Survivors of a suicide loss are susceptible to “grief attacks,” when the emotional impact of a loved one’s death strikes without warning. I experienced these commonly in the early weeks, months and years following my dad’s death. Some days, they were prompted by a song playing on the radio while I drove in the car. Other days, it was the stark realization he is gone forever. Now that I am five years out, I find that my emotional reactions to his suicide don’t hit me quite as hard but instead tend to stir up uncomfortable feelings (that I can usually hide in public).
Within the past few weeks, I’ve noticed a couple examples of this. On Facebook, a friend posted a photo of her and her dad in recognition of his birthday and included a comment that said, “thank you for always being there for me.” Reading that really affected me because it made me realize that my dad chose NOT to be there for me. Aren’t dads (and family members in general) supposed to be there for you? I felt a bit deflated after that. It’s interesting how seeing that particular innocent phrase pointed out such a deficit in my life. Despite his reassurances to me early in life that family is the strongest bond and all we have in this life, he left us behind.
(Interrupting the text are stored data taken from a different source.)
text \<open>
  Let \<open>\<Delta> = \<parallel>H\<parallel>\<^sub>\<infinity>\<close> and \<open>t = \<lceil>\<parallel>b\<^sup>\<star> - b\<parallel>\<^sub>\<infinity> / \<Delta>\<rceil> + \<phi>\<close>. For a binary solution \<open>z\<close> of \<open>Hz = b\<close> let
  \<open>x\<close> agree with \<open>x\<^sup>\<star>\<close> on the integral entries of \<open>x\<^sup>\<star>\<close> and with \<open>z\<close> elsewhere, and choose \<open>z\<close>
  such that the set \<open>M\<close> of entries where \<open>x\<close> and \<open>z\<close> differ is as small as possible. As
  \<open>H(x - z) = H(x - x\<^sup>\<star>) + (b\<^sup>\<star> - b)\<close> and \<open>x - x\<^sup>\<star>\<close> lives on at most \<open>\<phi>\<close> entries, every entry of
  \<open>H(x - z)\<close> is at most \<open>t\<Delta>\<close> in absolute value, so \<open>-H(x - z)\<close> splits into \<open>t\<close> integer vectors of
  norm at most \<open>\<Delta>\<close>. Together with the columns \<open>(x\<^sub>j - z\<^sub>j) H\<^sub>j\<close>, \<open>j \<in> M\<close>, they sum to zero, so by
  the Steinitz lemma they can be ordered such that every prefix sum has norm at most \<open>k\<Delta>\<close>. If
  \<open>|M| + t + 1 > (t + 1)(2k\<Delta> + 1)\<^sup>k\<close>, two prefixes contain equally many of the added vectors and
  have equal sums; their difference is a nonempty \<open>T \<subseteq> M\<close> whose columns sum to zero, and replacing
  \<open>z\<close> by \<open>x\<close> on \<open>T\<close> contradicts minimality. Hence \<open>\<parallel>x\<^sup>\<star> - z\<parallel>\<^sub>1 \<le> |M| + \<phi> \<le> (t + 1)(2k\<Delta> + 1)\<^sup>k\<close>.

  The Steinitz lemma is proved through weights \<open>\<lambda> \<in> [0,1]\<^sup>A\<close> with \<open>\<Sum> \<lambda>\<^sub>i v\<^sub>i = 0\<close> and
  \<open>\<Sum> \<lambda>\<^sub>i = |A| - k\<close>: they give \<open>\<parallel>\<Sum> v\<^sub>i\<parallel> = \<parallel>\<Sum> (1 - \<lambda>\<^sub>i) v\<^sub>i\<parallel> \<le> kD\<close>, and a basic solution of the
  same system with total weight \<open>|A| - k - 1\<close> has a zero entry, so one vector can be removed
  while keeping such weights.
\<close>

section \<open>Basic solutions of box-constrained linear systems\<close>

lemma homogeneous_system_nontrivial_solution:
  fixes a :: "nat \<Rightarrow> 'a \<Rightarrow> 'b::field"
  assumes "finite F" and "m < card F"
  shows "\<exists>\<nu>. (\<exists>i\<in>F. \<nu> i \<noteq> 0) \<and> (\<forall>l<m. (\<Sum>i\<in>F. a l i * \<nu> i) = 0)"
  using assms
proof (induction m arbitrary: F a)
  case 0
  then obtain i where "i \<in> F" by fastforce
  then show ?case by (intro exI[of _ "\<lambda>_. 1"]) auto
next
  case (Suc m)
  show ?case
  proof (cases "\<forall>i\<in>F. a m i = 0")
    case True
    with Suc.IH[of F a] Suc.prems show ?thesis by (auto simp: less_Suc_eq)
  next
    case False
    then obtain p where p: "p \<in> F" "a m p \<noteq> 0" by auto
    define F' where "F' = F - {p}"
    have F: "F = insert p F'" "p \<notin> F'" "finite F'" "m < card F'"
      using Suc.prems p by (auto simp: F'_def)
    define a' where "a' l i = a l i - a l p * a m i / a m p" for l i
    from Suc.IH[OF F(3,4), of a'] obtain \<nu>' where
      \<nu>': "\<exists>i\<in>F'. \<nu>' i \<noteq> 0" "\<forall>l<m. (\<Sum>i\<in>F'. a' l i * \<nu>' i) = 0" by auto
    define S where "S = (\<Sum>i\<in>F'. a m i * \<nu>' i)"
    define \<nu> where "\<nu> = \<nu>'(p := - S / a m p)"
    have sum_F: "(\<Sum>i\<in>F. a l i * \<nu> i) = a l p * (- S / a m p) + (\<Sum>i\<in>F'. a l i * \<nu>' i)" for l
      using F by (simp add: \<nu>_def, intro sum.cong) auto
    have "(\<Sum>i\<in>F. a l i * \<nu> i) = 0" if "l < Suc m" for l
    proof (cases "l = m")
      case True
      then show ?thesis using sum_F[of l] p(2) by (simp add: S_def)
    next
      case False
      then have "l < m" using that by simp
      have "(\<Sum>i\<in>F'. a l i * \<nu>' i) = (\<Sum>i\<in>F'. a' l i * \<nu>' i + a l p / a m p * (a m i * \<nu>' i))"
        by (intro sum.cong) (auto simp: a'_def algebra_simps)
      also have "\<dots> = a l p / a m p * S"
        using \<nu>'(2) \<open>l < m\<close> by (simp add: sum.distrib sum_distrib_left S_def)
      finally show ?thesis using sum_F[of l] by simp
    qed
    moreover have "\<exists>i\<in>F. \<nu> i \<noteq> 0" using \<nu>'(1) F by (auto simp: \<nu>_def)
    ultimately show ?thesis by blast
  qed
qed

definition box_polytope :: "'a set \<Rightarrow> (nat \<Rightarrow> 'a \<Rightarrow> real) \<Rightarrow> (nat \<Rightarrow> real) \<Rightarrow> nat \<Rightarrow> ('a \<Rightarrow> real) set" where
  "box_polytope A a r m =
     {\<mu>. (\<forall>i\<in>A. 0 \<le> \<mu> i \<and> \<mu> i \<le> 1) \<and> (\<forall>l<m. (\<Sum>i\<in>A. a l i * \<mu> i) = r l)}"

definition fractional_entries :: "'a set \<Rightarrow> ('a \<Rightarrow> real) \<Rightarrow> 'a set" where
  "fractional_entries A \<mu> = {i\<in>A. \<mu> i \<notin> {0, 1}}"

lemma ratio_test:
  fixes \<mu> \<nu> :: "'a \<Rightarrow> real"
  assumes "finite R" "R \<noteq> {}" "\<forall>i\<in>R. 0 < \<mu> i \<and> \<mu> i < 1 \<and> \<nu> i \<noteq> 0"
  shows "\<exists>t\<ge>0. (\<forall>i\<in>R. 0 \<le> \<mu> i + t * \<nu> i \<and> \<mu> i + t * \<nu> i \<le> 1) \<and> (\<exists>i\<in>R. \<mu> i + t * \<nu> i \<in> {0, 1})"
proof -
  define step where "step i = (if \<nu> i > 0 then (1 - \<mu> i) / \<nu> i else \<mu> i / - \<nu> i)" for i
  define t where "t = Min (step ` R)"
  have "t \<in> step ` R" unfolding t_def using assms(1,2) by simp
  then obtain i0 where i0: "i0 \<in> R" "step i0 = t" by auto
  have t_le: "t \<le> step i" if "i \<in> R" for i
    using assms(1) that unfolding t_def by simp
  have step_pos: "0 < step i" if "i \<in> R" for i
    using assms(3) that by (auto simp: step_def divide_pos_neg)
  have "0 \<le> t" using step_pos i0 by force
  moreover have "0 \<le> \<mu> i + t * \<nu> i \<and> \<mu> i + t * \<nu> i \<le> 1" if "i \<in> R" for i
  proof (cases "\<nu> i > 0")
    case True
    then have "t * \<nu> i \<le> 1 - \<mu> i" using t_le[OF that] by (simp add: step_def pos_le_divide_eq)
    then show ?thesis using True \<open>0 \<le> t\<close> assms(3) that by auto
  next
    case False
    then have "\<nu> i < 0" using assms(3) that by force
    have "t \<le> \<mu> i / - \<nu> i" using t_le[OF that] False by (simp add: step_def)
    then have "- \<mu> i \<le> t * \<nu> i" using \<open>\<nu> i < 0\<close> by (subst (asm) pos_le_divide_eq) auto
    then show ?thesis using mult_nonneg_nonpos[of t "\<nu> i"] \<open>\<nu> i < 0\<close> \<open>0 \<le> t\<close> assms(3) that by auto
  qed
  moreover have "\<mu> i0 + t * \<nu> i0 \<in> {0, 1}"
    using i0 assms(3) by (cases "\<nu> i0 > 0") (auto simp: step_def)
  ultimately show ?thesis using i0(1) by blast
qed

lemma box_polytope_reduce_fractional:
  assumes "finite A" "\<mu> \<in> box_polytope A a r m" "m < card (fractional_entries A \<mu>)"
  shows "\<exists>\<mu>'\<in>box_polytope A a r m. card (fractional_entries A \<mu>') < card (fractional_entries A \<mu>)"
proof -
  define F where "F = fractional_entries A \<mu>"
  have F: "finite F" "F \<subseteq> A" using assms(1) by (auto simp: F_def fractional_entries_def)
  obtain \<nu> where \<nu>: "\<exists>i\<in>F. \<nu> i \<noteq> 0" "\<forall>l<m. (\<Sum>i\<in>F. a l i * \<nu> i) = 0"
    using homogeneous_system_nontrivial_solution[OF F(1) assms(3)[folded F_def]] by blast
  define R where "R = {i\<in>F. \<nu> i \<noteq> 0}"
  have R: "finite R" "R \<noteq> {}" "R \<subseteq> A" using F \<nu>(1) by (auto simp: R_def)
  have "\<forall>i\<in>R. 0 < \<mu> i \<and> \<mu> i < 1 \<and> \<nu> i \<noteq> 0"
    using assms(2) by (force simp: R_def F_def fractional_entries_def box_polytope_def)
  then obtain t i0 where t: "\<forall>i\<in>R. 0 \<le> \<mu> i + t * \<nu> i \<and> \<mu> i + t * \<nu> i \<le> 1"
    and i0: "i0 \<in> R" "\<mu> i0 + t * \<nu> i0 \<in> {0, 1}"
    using ratio_test[OF R(1,2)] by blast
  define \<mu>' where "\<mu>' i = \<mu> i + t * (if i \<in> R then \<nu> i else 0)" for i
  have "(\<Sum>i\<in>A. a l i * \<mu>' i) = r l" if "l < m" for l
  proof -
    have "(\<Sum>i\<in>A. a l i * (if i \<in> R then \<nu> i else 0)) = (\<Sum>i\<in>R. a l i * \<nu> i)"
      using R(3) assms(1) by (intro sum.mono_neutral_cong_right) auto
    also have "\<dots> = (\<Sum>i\<in>F. a l i * \<nu> i)"
      using F(1) by (intro sum.mono_neutral_left) (auto simp: R_def)
    finally show ?thesis
      using \<nu>(2) assms(2) that
      by (simp add: \<mu>'_def box_polytope_def algebra_simps sum.distrib sum_distrib_left[symmetric])
  qed
  then have \<mu>'_mem: "\<mu>' \<in> box_polytope A a r m"
    using assms(2) t by (auto simp: box_polytope_def \<mu>'_def)
  have "fractional_entries A \<mu>' \<subseteq> F - {i0}"
    using i0 by (auto simp: fractional_entries_def \<mu>'_def F_def R_def)
  then have "card (fractional_entries A \<mu>') \<le> card (F - {i0})"
    using F(1) by (intro card_mono) auto
  also have "\<dots> < card F"
    using F(1) i0(1) by (intro card_Diff1_less) (auto simp: R_def)
  finally have "card (fractional_entries A \<mu>') < card F" .
  with \<mu>'_mem show ?thesis unfolding F_def by blast
qed

lemma box_polytope_sparse_point:
  assumes "finite A" "\<mu> \<in> box_polytope A a r m"
  shows "\<exists>\<mu>'\<in>box_polytope A a r m. card (fractional_entries A \<mu>') \<le> m"
proof -
  obtain \<mu>' where \<mu>': "\<mu>' \<in> box_polytope A a r m"
    and least: "\<forall>\<rho>. \<rho> \<in> box_polytope A a r m \<longrightarrow> card (fractional_entries A \<mu>') \<le> card (fractional_entries A \<rho>)"
    using ex_has_least_nat[of "\<lambda>\<rho>. \<rho> \<in> box_polytope A a r m" \<mu> "\<lambda>\<rho>. card (fractional_entries A \<rho>)"] assms(2)
    by blast
  show ?thesis
    using box_polytope_reduce_fractional[OF assms(1) \<mu>'] least \<mu>' by (meson leD not_le_imp_less)
qed

section \<open>The Steinitz lemma\<close>

definition balancing_weights :: "nat \<Rightarrow> ('a \<Rightarrow> nat \<Rightarrow> real) \<Rightarrow> 'a set \<Rightarrow> ('a \<Rightarrow> real) \<Rightarrow> bool" where
  "balancing_weights k v A \<mu> \<longleftrightarrow> (\<forall>i\<in>A. 0 \<le> \<mu> i \<and> \<mu> i \<le> 1) \<and> (\<forall>c<k. (\<Sum>i\<in>A. \<mu> i * v i c) = 0)
     \<and> (\<Sum>i\<in>A. \<mu> i) = real (card A) - real k"

lemma sum_gt_if_positive_and_few_fractional:
  fixes \<mu> :: "'a \<Rightarrow> real"
  assumes "finite A" "\<forall>i\<in>A. 0 < \<mu> i \<and> \<mu> i \<le> 1" "card (fractional_entries A \<mu>) \<le> Suc k"
  shows "real (card A) - real k - 1 < (\<Sum>i\<in>A. \<mu> i)"
proof -
  define F where "F = fractional_entries A \<mu>"
  have F: "finite F" "F \<subseteq> A" using assms(1) by (auto simp: F_def fractional_entries_def)
  have "(\<Sum>i\<in>A - F. \<mu> i) = (\<Sum>i\<in>A - F. 1)"
    using assms(2) by (intro sum.cong) (auto simp: F_def fractional_entries_def)
  then have "(\<Sum>i\<in>A. \<mu> i) = real (card (A - F)) + (\<Sum>i\<in>F. \<mu> i)"
    using sum.subset_diff[OF F(2) assms(1), of \<mu>] by simp
  also have "real (card (A - F)) = real (card A) - real (card F)"
    using F card_Diff_subset[OF F(1,2)] card_mono[OF assms(1) F(2)] by simp
  finally have sum_A: "(\<Sum>i\<in>A. \<mu> i) = real (card A) - real (card F) + (\<Sum>i\<in>F. \<mu> i)" .
  show ?thesis
  proof (cases "F = {}")
    case True
    then show ?thesis using sum_A by simp
  next
    case False
    then have "0 < (\<Sum>i\<in>F. \<mu> i)" using F assms(2) by (intro sum_pos) auto
    then show ?thesis using sum_A assms(3) by (simp add: F_def)
  qed
qed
Similarly, I attended a wedding and listened fondly as the bride’s father gave a speech during the reception. He became emotional when describing the moment his daughter was born and how it was the happiest day of his life. This, of course, led me to try and hold back tears. I couldn’t help but think my dad probably felt something similar. At one point in his life, he was overcome with joy and happiness about me being a part of his life and being a father. But, somehow that got twisted into an overwhelming sense of sadness and depression. I wasn’t enough? That happiness about what he had and being a father wasn’t enough anymore? That’s hard to think about. Something else was much more powerful.
Other times, I feel angry. This emotion usually doesn’t even need a “trigger.” It will just occur to me he is gone or unable to help me through something anymore in a dadly way and it really pi&%#@ me off. I still need him. I wasn’t done learning. Why didn’t he work harder to find a better way out of this for us? Why didn’t he think about the fact we’d still be dealing with this five (and more) years later?
Needless to say, there’s a rollercoaster of emotional episodes survivors face after a loss and there’s no time limit to when they will end. I now know to just buckle my seatbelt and work through my emotions as they do arise.
Ruby says
I understand, it has been 12 years for me. I still struggle everyday with questions, self doubt, overwhelming saddness and why? Why would my father do this to himself and us. His 2 daughters and 3 grandsons!!!! I wish I could prevent someone from this choice and help them to understand there’s nothing wrong with their feelings and thoughts…to Please give life one more day.